◆ **Work to be completed**
What is needed is an exact copy of the lines in the listing below, from the one with "using x by simp" up to and including the one with "and \<gamma> :: 'a", with no other lines.

◆ **Data for review**
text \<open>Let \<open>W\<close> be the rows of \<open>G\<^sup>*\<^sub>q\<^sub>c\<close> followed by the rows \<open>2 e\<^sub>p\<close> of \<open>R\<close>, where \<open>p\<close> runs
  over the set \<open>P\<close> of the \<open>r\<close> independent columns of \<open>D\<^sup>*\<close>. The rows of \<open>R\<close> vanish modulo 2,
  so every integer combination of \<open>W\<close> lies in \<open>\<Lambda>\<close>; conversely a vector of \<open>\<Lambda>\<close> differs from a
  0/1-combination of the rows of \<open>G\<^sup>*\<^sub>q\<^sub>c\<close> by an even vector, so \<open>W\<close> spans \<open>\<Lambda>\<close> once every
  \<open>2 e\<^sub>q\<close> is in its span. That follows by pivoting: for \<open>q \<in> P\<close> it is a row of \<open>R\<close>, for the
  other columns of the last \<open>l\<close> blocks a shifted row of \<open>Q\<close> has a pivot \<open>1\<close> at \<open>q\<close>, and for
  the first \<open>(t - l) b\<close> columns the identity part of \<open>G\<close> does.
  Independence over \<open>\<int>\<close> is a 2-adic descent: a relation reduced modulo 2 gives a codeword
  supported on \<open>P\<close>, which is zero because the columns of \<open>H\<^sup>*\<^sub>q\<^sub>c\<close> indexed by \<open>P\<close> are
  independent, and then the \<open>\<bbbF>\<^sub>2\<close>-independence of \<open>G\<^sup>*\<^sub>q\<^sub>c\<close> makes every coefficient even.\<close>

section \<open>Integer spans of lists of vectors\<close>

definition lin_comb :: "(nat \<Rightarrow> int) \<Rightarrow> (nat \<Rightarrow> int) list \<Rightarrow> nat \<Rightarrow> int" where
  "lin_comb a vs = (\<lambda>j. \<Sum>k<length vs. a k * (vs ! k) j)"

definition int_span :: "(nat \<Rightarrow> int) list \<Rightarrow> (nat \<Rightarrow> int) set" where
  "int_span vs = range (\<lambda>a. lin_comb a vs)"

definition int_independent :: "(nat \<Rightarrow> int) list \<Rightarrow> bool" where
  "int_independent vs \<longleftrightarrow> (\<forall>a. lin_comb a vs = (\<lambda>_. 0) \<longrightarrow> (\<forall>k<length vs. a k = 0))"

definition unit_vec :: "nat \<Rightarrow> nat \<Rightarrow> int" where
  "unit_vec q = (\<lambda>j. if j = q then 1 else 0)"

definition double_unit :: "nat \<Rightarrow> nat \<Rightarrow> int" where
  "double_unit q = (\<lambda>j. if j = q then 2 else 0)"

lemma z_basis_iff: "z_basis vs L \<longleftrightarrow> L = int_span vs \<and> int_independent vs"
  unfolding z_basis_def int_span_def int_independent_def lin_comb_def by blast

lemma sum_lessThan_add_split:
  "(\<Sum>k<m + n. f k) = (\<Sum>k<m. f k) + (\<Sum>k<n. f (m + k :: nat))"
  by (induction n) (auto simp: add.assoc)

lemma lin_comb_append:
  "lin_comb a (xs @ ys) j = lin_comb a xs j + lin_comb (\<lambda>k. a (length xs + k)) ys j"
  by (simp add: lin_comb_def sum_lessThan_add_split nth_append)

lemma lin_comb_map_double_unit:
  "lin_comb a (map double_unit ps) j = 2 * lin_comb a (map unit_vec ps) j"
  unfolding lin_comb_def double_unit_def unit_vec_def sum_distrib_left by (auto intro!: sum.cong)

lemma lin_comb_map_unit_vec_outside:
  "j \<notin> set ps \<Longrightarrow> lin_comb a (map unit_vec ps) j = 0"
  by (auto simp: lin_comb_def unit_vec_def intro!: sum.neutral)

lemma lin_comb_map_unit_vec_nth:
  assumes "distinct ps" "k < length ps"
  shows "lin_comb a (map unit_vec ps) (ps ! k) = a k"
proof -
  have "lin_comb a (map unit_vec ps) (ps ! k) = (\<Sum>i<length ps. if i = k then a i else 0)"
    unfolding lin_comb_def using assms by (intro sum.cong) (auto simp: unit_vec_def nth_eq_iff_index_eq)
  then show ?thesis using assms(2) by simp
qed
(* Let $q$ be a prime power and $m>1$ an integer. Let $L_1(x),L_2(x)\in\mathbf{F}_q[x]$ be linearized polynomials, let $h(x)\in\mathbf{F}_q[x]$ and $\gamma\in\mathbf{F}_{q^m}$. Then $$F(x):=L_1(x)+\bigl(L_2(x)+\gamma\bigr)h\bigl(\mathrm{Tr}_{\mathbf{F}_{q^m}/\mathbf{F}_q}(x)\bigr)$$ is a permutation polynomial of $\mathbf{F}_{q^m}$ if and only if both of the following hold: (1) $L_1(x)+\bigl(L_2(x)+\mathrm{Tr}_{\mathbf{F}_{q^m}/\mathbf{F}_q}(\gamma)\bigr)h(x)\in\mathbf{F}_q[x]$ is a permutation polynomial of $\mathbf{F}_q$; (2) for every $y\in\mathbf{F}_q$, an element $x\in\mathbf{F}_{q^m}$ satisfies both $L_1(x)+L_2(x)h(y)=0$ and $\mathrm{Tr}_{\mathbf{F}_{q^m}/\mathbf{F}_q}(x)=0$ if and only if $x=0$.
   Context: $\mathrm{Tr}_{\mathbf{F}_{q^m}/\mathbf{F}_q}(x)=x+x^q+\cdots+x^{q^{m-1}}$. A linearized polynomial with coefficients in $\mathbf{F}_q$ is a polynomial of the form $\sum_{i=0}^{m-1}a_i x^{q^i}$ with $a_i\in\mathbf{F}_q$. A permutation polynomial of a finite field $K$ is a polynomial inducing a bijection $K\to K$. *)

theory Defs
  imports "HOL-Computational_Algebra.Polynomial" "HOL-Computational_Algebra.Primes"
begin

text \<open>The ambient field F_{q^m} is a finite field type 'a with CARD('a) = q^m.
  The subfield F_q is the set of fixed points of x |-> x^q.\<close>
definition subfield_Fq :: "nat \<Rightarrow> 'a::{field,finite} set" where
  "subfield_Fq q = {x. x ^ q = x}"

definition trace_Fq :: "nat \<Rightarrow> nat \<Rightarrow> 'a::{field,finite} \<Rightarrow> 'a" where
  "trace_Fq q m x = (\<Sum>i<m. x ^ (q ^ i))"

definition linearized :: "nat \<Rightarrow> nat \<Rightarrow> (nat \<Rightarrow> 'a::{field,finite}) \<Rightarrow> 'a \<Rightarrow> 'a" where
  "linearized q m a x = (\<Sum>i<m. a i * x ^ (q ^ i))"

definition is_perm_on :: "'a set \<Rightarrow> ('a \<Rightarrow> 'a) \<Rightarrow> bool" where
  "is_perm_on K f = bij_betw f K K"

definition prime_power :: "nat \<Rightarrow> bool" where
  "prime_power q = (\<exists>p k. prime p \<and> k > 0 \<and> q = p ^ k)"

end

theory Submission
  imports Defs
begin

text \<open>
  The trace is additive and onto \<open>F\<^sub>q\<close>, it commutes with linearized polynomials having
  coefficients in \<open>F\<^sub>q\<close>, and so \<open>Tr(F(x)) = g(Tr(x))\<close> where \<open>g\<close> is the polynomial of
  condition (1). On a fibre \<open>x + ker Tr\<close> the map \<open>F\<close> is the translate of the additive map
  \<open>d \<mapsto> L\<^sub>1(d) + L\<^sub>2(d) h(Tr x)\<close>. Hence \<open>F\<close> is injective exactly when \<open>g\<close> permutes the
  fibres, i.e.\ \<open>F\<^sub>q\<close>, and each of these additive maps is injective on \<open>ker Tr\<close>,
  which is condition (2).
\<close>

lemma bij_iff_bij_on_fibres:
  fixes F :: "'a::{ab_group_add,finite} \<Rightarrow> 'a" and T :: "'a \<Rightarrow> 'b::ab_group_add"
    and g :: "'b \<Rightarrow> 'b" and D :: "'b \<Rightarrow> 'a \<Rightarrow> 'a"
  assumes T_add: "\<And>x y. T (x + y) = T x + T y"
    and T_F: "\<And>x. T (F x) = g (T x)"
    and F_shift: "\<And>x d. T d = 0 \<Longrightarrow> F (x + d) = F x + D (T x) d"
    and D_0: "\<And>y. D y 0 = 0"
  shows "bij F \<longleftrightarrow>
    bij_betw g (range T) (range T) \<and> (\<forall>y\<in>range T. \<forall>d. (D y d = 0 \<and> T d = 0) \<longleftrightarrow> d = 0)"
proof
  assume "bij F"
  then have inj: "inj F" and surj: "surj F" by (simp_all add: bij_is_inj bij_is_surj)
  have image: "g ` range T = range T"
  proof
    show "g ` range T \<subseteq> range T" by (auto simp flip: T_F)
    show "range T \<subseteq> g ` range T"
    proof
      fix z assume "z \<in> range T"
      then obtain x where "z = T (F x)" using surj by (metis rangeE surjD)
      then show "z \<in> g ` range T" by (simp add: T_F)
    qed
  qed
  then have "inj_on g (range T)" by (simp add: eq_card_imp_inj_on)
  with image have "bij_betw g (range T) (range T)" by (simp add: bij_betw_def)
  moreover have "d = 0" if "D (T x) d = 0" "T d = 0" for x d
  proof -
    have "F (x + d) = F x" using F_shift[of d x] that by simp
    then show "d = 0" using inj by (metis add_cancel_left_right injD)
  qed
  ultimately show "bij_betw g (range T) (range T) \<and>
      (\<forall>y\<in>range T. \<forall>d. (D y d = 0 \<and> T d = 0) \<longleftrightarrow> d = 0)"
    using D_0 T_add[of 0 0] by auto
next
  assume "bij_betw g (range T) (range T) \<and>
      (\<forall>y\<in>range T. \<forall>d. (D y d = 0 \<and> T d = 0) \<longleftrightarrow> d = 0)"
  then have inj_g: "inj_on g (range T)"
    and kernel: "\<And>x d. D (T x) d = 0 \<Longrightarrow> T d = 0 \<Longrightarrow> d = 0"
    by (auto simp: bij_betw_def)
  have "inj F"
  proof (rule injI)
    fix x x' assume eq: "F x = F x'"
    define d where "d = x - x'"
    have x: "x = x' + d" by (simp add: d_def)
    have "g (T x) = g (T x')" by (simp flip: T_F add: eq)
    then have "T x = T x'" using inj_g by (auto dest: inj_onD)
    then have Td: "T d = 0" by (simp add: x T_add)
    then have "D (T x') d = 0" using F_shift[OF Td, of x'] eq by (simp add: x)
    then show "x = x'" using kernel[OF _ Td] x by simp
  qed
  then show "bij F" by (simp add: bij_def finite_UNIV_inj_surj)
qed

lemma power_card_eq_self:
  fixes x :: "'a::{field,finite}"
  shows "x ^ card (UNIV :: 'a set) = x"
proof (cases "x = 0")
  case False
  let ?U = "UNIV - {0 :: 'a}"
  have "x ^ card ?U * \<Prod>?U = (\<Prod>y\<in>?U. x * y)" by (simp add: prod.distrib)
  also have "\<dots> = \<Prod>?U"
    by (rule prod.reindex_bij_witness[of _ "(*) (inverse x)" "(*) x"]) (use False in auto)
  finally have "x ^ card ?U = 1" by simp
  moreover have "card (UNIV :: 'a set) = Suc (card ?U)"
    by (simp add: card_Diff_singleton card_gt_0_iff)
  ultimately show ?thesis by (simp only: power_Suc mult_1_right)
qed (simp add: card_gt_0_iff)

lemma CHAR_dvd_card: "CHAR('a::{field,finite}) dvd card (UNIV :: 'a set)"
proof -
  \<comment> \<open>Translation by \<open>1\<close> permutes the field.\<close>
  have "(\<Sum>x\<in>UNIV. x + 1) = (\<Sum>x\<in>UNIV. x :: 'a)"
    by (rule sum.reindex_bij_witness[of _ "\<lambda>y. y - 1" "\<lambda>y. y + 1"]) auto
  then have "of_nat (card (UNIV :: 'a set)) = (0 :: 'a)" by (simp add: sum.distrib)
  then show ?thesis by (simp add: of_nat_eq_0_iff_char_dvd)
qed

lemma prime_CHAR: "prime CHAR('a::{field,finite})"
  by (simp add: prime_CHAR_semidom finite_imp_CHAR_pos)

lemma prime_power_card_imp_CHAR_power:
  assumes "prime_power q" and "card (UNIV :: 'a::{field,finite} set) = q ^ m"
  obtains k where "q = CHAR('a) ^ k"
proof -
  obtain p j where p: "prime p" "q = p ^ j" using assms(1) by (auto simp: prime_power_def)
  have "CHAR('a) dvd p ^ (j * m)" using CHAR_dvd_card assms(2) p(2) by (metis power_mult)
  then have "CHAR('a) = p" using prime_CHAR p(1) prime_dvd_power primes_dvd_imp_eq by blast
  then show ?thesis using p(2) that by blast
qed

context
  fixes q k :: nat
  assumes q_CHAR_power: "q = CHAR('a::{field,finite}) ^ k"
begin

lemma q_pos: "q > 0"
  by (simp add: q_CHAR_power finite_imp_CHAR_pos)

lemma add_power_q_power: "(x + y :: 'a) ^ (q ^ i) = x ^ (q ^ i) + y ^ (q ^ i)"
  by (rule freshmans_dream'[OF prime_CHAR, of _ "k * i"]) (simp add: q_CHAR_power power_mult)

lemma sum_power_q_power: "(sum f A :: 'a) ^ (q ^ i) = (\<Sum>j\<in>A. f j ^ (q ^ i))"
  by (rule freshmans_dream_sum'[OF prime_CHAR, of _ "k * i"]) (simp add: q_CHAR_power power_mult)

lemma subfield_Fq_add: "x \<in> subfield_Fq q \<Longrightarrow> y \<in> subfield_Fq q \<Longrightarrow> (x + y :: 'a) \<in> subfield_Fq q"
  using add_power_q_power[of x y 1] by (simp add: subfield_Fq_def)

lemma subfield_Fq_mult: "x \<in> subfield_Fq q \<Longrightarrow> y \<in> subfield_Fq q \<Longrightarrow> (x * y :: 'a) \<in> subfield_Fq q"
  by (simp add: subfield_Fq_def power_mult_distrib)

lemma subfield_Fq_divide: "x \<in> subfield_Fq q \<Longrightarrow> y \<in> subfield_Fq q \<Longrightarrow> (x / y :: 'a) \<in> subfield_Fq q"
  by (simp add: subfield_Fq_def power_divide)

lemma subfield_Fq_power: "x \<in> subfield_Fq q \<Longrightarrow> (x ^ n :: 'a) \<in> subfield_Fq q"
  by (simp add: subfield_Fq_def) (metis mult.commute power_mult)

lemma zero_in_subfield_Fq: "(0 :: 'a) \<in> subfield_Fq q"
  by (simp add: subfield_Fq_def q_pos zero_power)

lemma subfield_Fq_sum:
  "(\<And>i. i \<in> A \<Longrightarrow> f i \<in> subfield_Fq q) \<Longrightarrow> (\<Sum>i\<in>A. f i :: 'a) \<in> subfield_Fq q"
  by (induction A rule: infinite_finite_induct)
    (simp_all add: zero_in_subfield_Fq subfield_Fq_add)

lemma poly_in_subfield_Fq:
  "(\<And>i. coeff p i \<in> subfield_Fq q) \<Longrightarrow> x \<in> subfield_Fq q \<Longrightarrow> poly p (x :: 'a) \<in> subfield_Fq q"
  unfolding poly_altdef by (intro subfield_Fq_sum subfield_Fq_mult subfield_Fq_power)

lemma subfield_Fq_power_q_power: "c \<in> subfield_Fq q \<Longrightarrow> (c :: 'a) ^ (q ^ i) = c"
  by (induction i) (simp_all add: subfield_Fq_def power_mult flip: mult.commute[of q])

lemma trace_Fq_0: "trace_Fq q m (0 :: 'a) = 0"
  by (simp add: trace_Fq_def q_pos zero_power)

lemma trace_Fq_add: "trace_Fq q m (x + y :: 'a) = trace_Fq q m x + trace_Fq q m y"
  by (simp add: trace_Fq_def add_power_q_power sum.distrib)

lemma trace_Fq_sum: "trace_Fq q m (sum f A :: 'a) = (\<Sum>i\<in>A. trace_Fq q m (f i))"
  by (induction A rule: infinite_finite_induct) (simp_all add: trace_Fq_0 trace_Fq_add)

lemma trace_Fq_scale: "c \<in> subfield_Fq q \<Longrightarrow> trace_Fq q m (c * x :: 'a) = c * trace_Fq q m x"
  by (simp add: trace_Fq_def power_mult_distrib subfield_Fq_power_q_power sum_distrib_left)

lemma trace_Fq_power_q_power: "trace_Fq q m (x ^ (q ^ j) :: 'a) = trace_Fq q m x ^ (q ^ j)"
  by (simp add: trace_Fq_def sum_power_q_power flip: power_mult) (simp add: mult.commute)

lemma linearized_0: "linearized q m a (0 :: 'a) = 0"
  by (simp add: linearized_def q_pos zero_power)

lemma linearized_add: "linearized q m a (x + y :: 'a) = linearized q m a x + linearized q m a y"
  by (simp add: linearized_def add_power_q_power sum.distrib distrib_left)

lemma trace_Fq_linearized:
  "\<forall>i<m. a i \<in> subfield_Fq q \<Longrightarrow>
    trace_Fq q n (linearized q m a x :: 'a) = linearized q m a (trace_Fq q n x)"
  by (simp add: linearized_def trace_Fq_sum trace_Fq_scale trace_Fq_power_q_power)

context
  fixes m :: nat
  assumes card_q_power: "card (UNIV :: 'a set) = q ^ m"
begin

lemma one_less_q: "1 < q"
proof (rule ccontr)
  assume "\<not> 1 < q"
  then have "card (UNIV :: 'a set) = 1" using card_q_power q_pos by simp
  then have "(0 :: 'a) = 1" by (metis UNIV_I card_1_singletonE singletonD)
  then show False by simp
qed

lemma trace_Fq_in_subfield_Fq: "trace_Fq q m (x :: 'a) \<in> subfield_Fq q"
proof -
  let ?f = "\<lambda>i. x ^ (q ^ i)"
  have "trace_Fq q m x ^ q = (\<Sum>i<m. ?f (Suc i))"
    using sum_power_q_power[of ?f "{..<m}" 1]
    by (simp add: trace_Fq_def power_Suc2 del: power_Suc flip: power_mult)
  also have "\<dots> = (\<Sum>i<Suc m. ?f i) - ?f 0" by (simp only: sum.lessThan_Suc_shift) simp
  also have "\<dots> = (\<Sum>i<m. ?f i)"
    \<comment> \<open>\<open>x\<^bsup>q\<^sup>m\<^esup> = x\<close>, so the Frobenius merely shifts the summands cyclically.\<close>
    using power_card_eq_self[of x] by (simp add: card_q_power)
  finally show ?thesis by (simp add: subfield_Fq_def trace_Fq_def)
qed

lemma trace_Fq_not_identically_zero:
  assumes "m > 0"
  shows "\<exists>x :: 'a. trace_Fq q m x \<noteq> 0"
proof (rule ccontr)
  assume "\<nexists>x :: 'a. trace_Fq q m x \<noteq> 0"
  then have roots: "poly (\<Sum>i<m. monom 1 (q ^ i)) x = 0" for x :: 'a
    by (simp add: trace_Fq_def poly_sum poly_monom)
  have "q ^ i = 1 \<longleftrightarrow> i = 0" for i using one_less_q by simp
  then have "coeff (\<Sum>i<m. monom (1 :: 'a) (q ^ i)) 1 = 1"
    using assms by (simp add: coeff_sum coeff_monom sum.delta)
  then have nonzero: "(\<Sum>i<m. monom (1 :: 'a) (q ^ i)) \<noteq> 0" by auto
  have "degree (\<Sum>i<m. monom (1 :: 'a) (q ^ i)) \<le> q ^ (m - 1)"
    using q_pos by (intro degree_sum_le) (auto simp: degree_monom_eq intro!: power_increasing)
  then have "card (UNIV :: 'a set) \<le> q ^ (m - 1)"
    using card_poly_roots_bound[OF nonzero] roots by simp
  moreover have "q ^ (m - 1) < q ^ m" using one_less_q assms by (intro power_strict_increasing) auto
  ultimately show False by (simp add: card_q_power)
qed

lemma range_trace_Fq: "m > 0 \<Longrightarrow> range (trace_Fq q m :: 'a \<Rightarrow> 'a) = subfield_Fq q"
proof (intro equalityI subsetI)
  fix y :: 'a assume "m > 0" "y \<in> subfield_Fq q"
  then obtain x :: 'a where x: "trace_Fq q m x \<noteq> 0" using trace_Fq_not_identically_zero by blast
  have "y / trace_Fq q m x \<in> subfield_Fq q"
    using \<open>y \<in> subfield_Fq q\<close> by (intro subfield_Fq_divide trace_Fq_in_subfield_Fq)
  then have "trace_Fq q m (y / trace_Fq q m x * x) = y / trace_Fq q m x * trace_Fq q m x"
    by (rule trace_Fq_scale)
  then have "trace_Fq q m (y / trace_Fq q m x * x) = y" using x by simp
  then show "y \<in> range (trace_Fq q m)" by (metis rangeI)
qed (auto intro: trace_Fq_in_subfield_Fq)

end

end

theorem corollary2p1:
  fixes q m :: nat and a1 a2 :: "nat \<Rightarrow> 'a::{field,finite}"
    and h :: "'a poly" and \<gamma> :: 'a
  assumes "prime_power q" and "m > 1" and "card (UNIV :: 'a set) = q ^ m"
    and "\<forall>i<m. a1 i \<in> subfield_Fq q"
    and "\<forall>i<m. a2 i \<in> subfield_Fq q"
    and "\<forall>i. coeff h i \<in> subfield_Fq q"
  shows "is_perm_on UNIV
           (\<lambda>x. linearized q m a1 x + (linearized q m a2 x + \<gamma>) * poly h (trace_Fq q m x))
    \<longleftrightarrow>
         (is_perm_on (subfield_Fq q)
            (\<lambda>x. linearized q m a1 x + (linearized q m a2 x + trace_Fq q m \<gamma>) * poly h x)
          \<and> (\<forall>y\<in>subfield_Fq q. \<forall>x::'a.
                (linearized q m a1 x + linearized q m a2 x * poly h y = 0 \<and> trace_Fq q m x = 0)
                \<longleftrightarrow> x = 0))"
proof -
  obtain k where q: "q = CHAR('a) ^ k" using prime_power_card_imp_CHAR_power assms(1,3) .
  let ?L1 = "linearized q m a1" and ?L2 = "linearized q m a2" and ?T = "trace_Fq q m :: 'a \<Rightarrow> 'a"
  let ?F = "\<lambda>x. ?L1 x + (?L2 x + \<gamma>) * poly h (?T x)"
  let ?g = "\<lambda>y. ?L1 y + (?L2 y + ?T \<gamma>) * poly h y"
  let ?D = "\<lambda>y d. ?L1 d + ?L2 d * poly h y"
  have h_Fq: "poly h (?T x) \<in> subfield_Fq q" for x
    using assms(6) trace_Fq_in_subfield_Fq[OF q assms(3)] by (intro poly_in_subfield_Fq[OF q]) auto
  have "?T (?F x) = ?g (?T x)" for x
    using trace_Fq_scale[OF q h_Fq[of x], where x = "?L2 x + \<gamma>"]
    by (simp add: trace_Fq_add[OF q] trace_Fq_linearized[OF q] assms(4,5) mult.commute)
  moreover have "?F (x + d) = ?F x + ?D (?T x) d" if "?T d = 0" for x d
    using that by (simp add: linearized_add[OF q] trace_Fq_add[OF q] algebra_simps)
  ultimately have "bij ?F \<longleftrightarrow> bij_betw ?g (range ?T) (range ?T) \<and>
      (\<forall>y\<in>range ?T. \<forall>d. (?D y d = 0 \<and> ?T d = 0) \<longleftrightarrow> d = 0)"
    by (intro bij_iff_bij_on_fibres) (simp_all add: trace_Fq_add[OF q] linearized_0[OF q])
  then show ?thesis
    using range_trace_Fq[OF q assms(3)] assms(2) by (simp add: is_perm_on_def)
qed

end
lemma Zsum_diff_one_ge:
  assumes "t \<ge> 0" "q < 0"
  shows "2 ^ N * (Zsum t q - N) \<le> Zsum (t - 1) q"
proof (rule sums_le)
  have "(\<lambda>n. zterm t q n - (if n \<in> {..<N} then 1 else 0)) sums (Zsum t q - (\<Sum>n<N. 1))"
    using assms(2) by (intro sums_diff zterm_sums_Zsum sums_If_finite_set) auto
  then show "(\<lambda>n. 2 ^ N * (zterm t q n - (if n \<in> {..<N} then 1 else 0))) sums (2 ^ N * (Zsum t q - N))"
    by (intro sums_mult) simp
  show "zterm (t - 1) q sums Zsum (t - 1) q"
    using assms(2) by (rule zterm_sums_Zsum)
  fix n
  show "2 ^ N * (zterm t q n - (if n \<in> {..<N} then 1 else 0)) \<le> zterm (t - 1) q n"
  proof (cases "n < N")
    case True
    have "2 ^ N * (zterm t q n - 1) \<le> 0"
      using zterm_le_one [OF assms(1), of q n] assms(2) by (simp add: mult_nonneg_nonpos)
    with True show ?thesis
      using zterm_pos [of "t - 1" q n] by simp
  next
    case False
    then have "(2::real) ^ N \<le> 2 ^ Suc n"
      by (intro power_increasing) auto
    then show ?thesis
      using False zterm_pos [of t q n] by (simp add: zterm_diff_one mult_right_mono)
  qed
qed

◆ **Solution to the exercise**
  then have "trace_Fq q m (y / trace_Fq q m x * x) = y" using x by simp
  then show "y \<in> range (trace_Fq q m)" by (metis rangeI)
qed (auto intro: trace_Fq_in_subfield_Fq)

end

end

theorem corollary2p1:
  fixes q m :: nat and a1 a2 :: "nat \<Rightarrow> 'a::{field,finite}"
    and h :: "'a poly" and \<gamma> :: 'a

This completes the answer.